Building from Source¶

For developers who want to modify the firmware or contribute to the project.

PlatformIO (Recommended)¶

PlatformIO provides reproducible builds with pinned dependencies.

Install¶

pip install platformio

Build¶

The firmware has two hardware variant environments:

esp32s3-v4p — V4P (Phil's box, most common)
esp32s3-v4b — V4B (Bob's box)

cd OnSpeed-Gen3

# Build V4P firmware (default when no -e is specified)
pio run

# Build a specific variant
pio run -e esp32s3-v4p
pio run -e esp32s3-v4b

# Build both variants
pio run -e esp32s3-v4p -e esp32s3-v4b

The variant environments differ only in the hardware define (-DHW_V4P vs -DHW_V4B), which controls pin assignments for pressure sensor chip selects, SD card SPI, and the external ADC.

Build and Upload¶

pio run -e esp32s3-v4p -t upload

Serial Monitor¶

pio device monitor

Run Unit Tests¶

Tests run on your development machine (no ESP32 needed):

pio test -e native
pio test -e native -v  # verbose output

Code Coverage¶

Coverage uses GCC's --coverage instrumentation + lcov, both of which work natively only with GNU toolchains. On macOS the system gcov is LLVM and incompatible with lcov, so coverage runs inside a Docker image that mirrors the CI environment.

Requirements: Docker Desktop (macOS/Windows) or Docker Engine (Linux).

./scripts/coverage.sh              # run coverage, produce report
./scripts/coverage.sh --rebuild    # rebuild image from scratch (no cache)
./scripts/coverage.sh --shell      # drop into a shell in the image for debug

Outputs:

coverage-report/index.html — browsable HTML report (open with open on macOS, xdg-open on Linux)
coverage.info — lcov tracefile (same file CI uploads to Codecov)
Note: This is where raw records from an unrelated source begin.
lemma split_generator_if_tridiagonal:
  assumes trB: "irreducible_tridiagonal (Qinv * A * Q)" and trBs: "irreducible_tridiagonal (Pinv * As * P)"
  shows "split_generator d A As \<theta> \<theta>s (col Q 0)"
proof -
  let ?U = "mat_of_col_fun n (newton_vec A \<theta> (col Q 0))"
  have q0: "col Q 0 \<in> carrier_vec n" by (rule col_carrier_vec[OF _ As.P]) simp
  have "irreducible_upper_hessenberg (Qinv * A * Q)"
    using trB A.X As.P As.Pinv irreducible_tridiagonal_iff_hessenberg[of "Qinv * A * Q" n] by simp
  note T = As.newton_basis_triangular_coords[OF A.X this]
  obtain Ui where Ui: "Ui \<in> carrier_mat n n" "?U * Ui = 1\<^sub>m n" "Ui * ?U = 1\<^sub>m n"
    using det_non_zero_imp_unit[OF mat_of_col_fun_carrier T(2)] unfolding Units_def ring_mat_def by auto
  interpret F: newton_frame d A \<theta> "col Q 0" Ui
    by unfold_locales (use A.X q0 A.newton_vec_annihilated[OF q0] Ui in auto)
  note R = As.conj_triangular_if_coords_triangular[OF mat_of_col_fun_carrier Ui(1) Ui(3) T(1)]
  have "irreducible_upper_hessenberg (transpose_mat (Ui * As * ?U))"
    using A.hessenberg_transpose_frame_of_upper_coords[OF mat_of_col_fun_carrier Ui(1) Ui(2) Ui(3)
        A.coords_newton_basis_upper_triangular[OF q0] As.X] trBs A.P A.Pinv As.X
      irreducible_tridiagonal_iff_hessenberg[of "Pinv * As * P" n] by simp
  then show ?thesis using F.split_generator_if_As_frame[OF As.X R] by simp
qed

lemma tridiagonal_if_split_generator:
  assumes gen: "split_generator d A As \<theta> \<theta>s w0"
    and \<sigma>: "antiautomorphism n \<sigma>" "\<sigma> A = A" "\<sigma> As = As"
  shows "irreducible_tridiagonal (Qinv * A * Q) \<and> irreducible_tridiagonal (Pinv * As * P)"
proof -
  let ?w = "newton_vec A \<theta> w0"
  have w0: "w0 \<in> carrier_vec n" and det: "det (mat_of_col_fun n ?w) \<noteq> 0"
    and last: "?w n = 0\<^sub>v n" and first: "(As - \<theta>s 0 \<cdot>\<^sub>m 1\<^sub>m n) *\<^sub>v w0 = 0\<^sub>v n"
    using gen unfolding split_generator_def by blast+
  have "\<forall>i. \<exists>\<phi>. 1 \<le> i \<and> i \<le> d \<longrightarrow> \<phi> \<noteq> 0 \<and> (As - \<theta>s i \<cdot>\<^sub>m 1\<^sub>m n) *\<^sub>v ?w i = \<phi> \<cdot>\<^sub>v ?w (i - 1)"
    using gen unfolding split_generator_def by blast
  then obtain \<phi> where \<phi>: "\<And>i. 1 \<le> i \<Longrightarrow> i \<le> d \<Longrightarrow>
      \<phi> i \<noteq> 0 \<and> (As - \<theta>s i \<cdot>\<^sub>m 1\<^sub>m n) *\<^sub>v ?w i = \<phi> i \<cdot>\<^sub>v ?w (i - 1)" by metis
  obtain Wi where Wi: "Wi \<in> carrier_mat n n" "Wi * mat_of_col_fun n ?w = 1\<^sub>m n"
    using det_non_zero_imp_unit[OF mat_of_col_fun_carrier det, of "()"]
    unfolding Units_def ring_mat_def by auto
  interpret F: newton_frame d A \<theta> w0 Wi by unfold_locales (use A.X w0 last Wi in auto)
  note R = F.As_frame_if_relations[OF As.X first \<phi>]
  have "irreducible_upper_hessenberg (Qinv * A * Q)"
    by (rule As.hessenberg_coords_of_lower_frame[OF mat_of_col_fun_carrier Wi(1) F.W_Wi Wi(2) R(1,2) A.X
          F.A_frame(2)])
  moreover have "irreducible_upper_hessenberg (transpose_mat (Pinv * As * P))"
    by (rule A.hessenberg_transpose_coords_of_upper_frame[OF mat_of_col_fun_carrier Wi(1) F.W_Wi Wi(2)
          F.A_frame(1,3) As.X R(3)])
  moreover have "Qinv * A * Q \<in> carrier_mat (Suc d) (Suc d)" "Pinv * As * P \<in> carrier_mat (Suc d) (Suc d)"
    using A.X As.X A.P A.Pinv As.P As.Pinv by simp_all
  moreover note sym = coords_zero_pattern_symmetric[OF \<sigma>, unfolded less_Suc_eq_le[symmetric]]
  ultimately show ?thesis
    using irreducible_tridiagonal_if_zero_pattern_symmetric
      irreducible_tridiagonal_if_transpose_zero_pattern_symmetric
    by (metis less_Suc_eq_le)
qed

end

theorem theorem5p2:
  fixes d :: nat and A As :: "'a::field mat" and \<theta> \<theta>s :: "nat \<Rightarrow> 'a"
  assumes "multiplicity_free d A" and "multiplicity_free d As"
    and "eigen_ordering d A \<theta>" and "eigen_ordering d As \<theta>s"
  shows "leonard_system d A As \<theta> \<theta>s \<longleftrightarrow>
           (\<exists>U. split_decomposition d A As \<theta> \<theta>s U) \<and>
           (\<exists>\<sigma>. antiautomorphism (Suc d) \<sigma> \<and> \<sigma> A = A \<and> \<sigma> As = As)"
proof -
  obtain P Pinv Q Qinv where "diagonalization d A \<theta> P Pinv" "diagonalization d As \<theta>s Q Qinv"
    using diagonalization_if_multiplicity_free assms by metis
  then interpret eigenbases d A As \<theta> \<theta>s P Pinv Q Qinv by (simp add: eigenbases_def)
  show ?thesis
  proof
    assume "leonard_system d A As \<theta> \<theta>s"
    then have tri: "irreducible_tridiagonal (Qinv * A * Q)" "irreducible_tridiagonal (Pinv * As * P)"
      using leonard_system_iff_tridiagonal by simp_all
    show "(\<exists>U. split_decomposition d A As \<theta> \<theta>s U) \<and>
        (\<exists>\<sigma>. antiautomorphism (Suc d) \<sigma> \<and> \<sigma> A = A \<and> \<sigma> As = As)"
      using split_decomposition_if_split_generator[OF A.X As.X split_generator_if_tridiagonal[OF tri]]
        antiautomorphism_fixing_tridiagonal_pair[OF As.P As.Pinv As.P_Pinv As.Pinv_P A.X As.X As.X_P tri(1)]
      by blast
  next
    assume "(\<exists>U. split_decomposition d A As \<theta> \<theta>s U) \<and>
        (\<exists>\<sigma>. antiautomorphism (Suc d) \<sigma> \<and> \<sigma> A = A \<and> \<sigma> As = As)"
    then obtain U \<sigma> where U: "split_decomposition d A As \<theta> \<theta>s U"
      and \<sigma>: "antiautomorphism (Suc d) \<sigma>" "\<sigma> A = A" "\<sigma> As = As" by blast
    obtain w0 where "split_generator d A As \<theta> \<theta>s w0"
      using split_generator_if_split_decomposition[OF A.X As.X U] by blast
    then show "leonard_system d A As \<theta> \<theta>s"
      using tridiagonal_if_split_generator[OF _ \<sigma>] leonard_system_iff_tridiagonal by blast
  qed
qed

end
The Docker image (Dockerfile.coverage) pins ubuntu:24.04 to match GitHub Actions' ubuntu-latest, so coverage numbers match CI bit-for-bit. CI's test job calls the same scripts/coverage-inner.sh that runs inside the container, guaranteeing parity.

First run: ~3-4 minutes (Docker pulls base image, installs PlatformIO, warms the native platform cache). Subsequent runs: ~40 seconds on warm cache.

Scope¶

The report covers software/Libraries/onspeed_core/ only. Vendored dependencies (software/Libraries/tinyxml2/) are filtered out via lcov --remove in scripts/coverage-inner.sh — testing upstream libraries is not our job, and including tinyxml2 dragged the headline coverage number down by ~20 points with zero actionable signal.

Branch coverage caveat¶

gcov records a C++ exception-unwind edge on every heap-allocating call (std::string, std::vector, new, etc.). Those edges can only be covered by a test that induces std::bad_alloc — not a meaningful target for a 32-MB-flash embedded system. The --rc no_exception_branch=1 flag that would suppress them over-filters on our build (strips 98% of branches, not just exception edges), so we leave it off. Read the branch coverage number accordingly — the gap between line coverage (~97%) and branch coverage (~65%) is dominated by allocator-throw edges, not missing control-flow tests.

The `codecov-style` row¶

The summary output ends with a row:

  codecov-style.....: 77.4% (fully=1967 partial=505 missed=69)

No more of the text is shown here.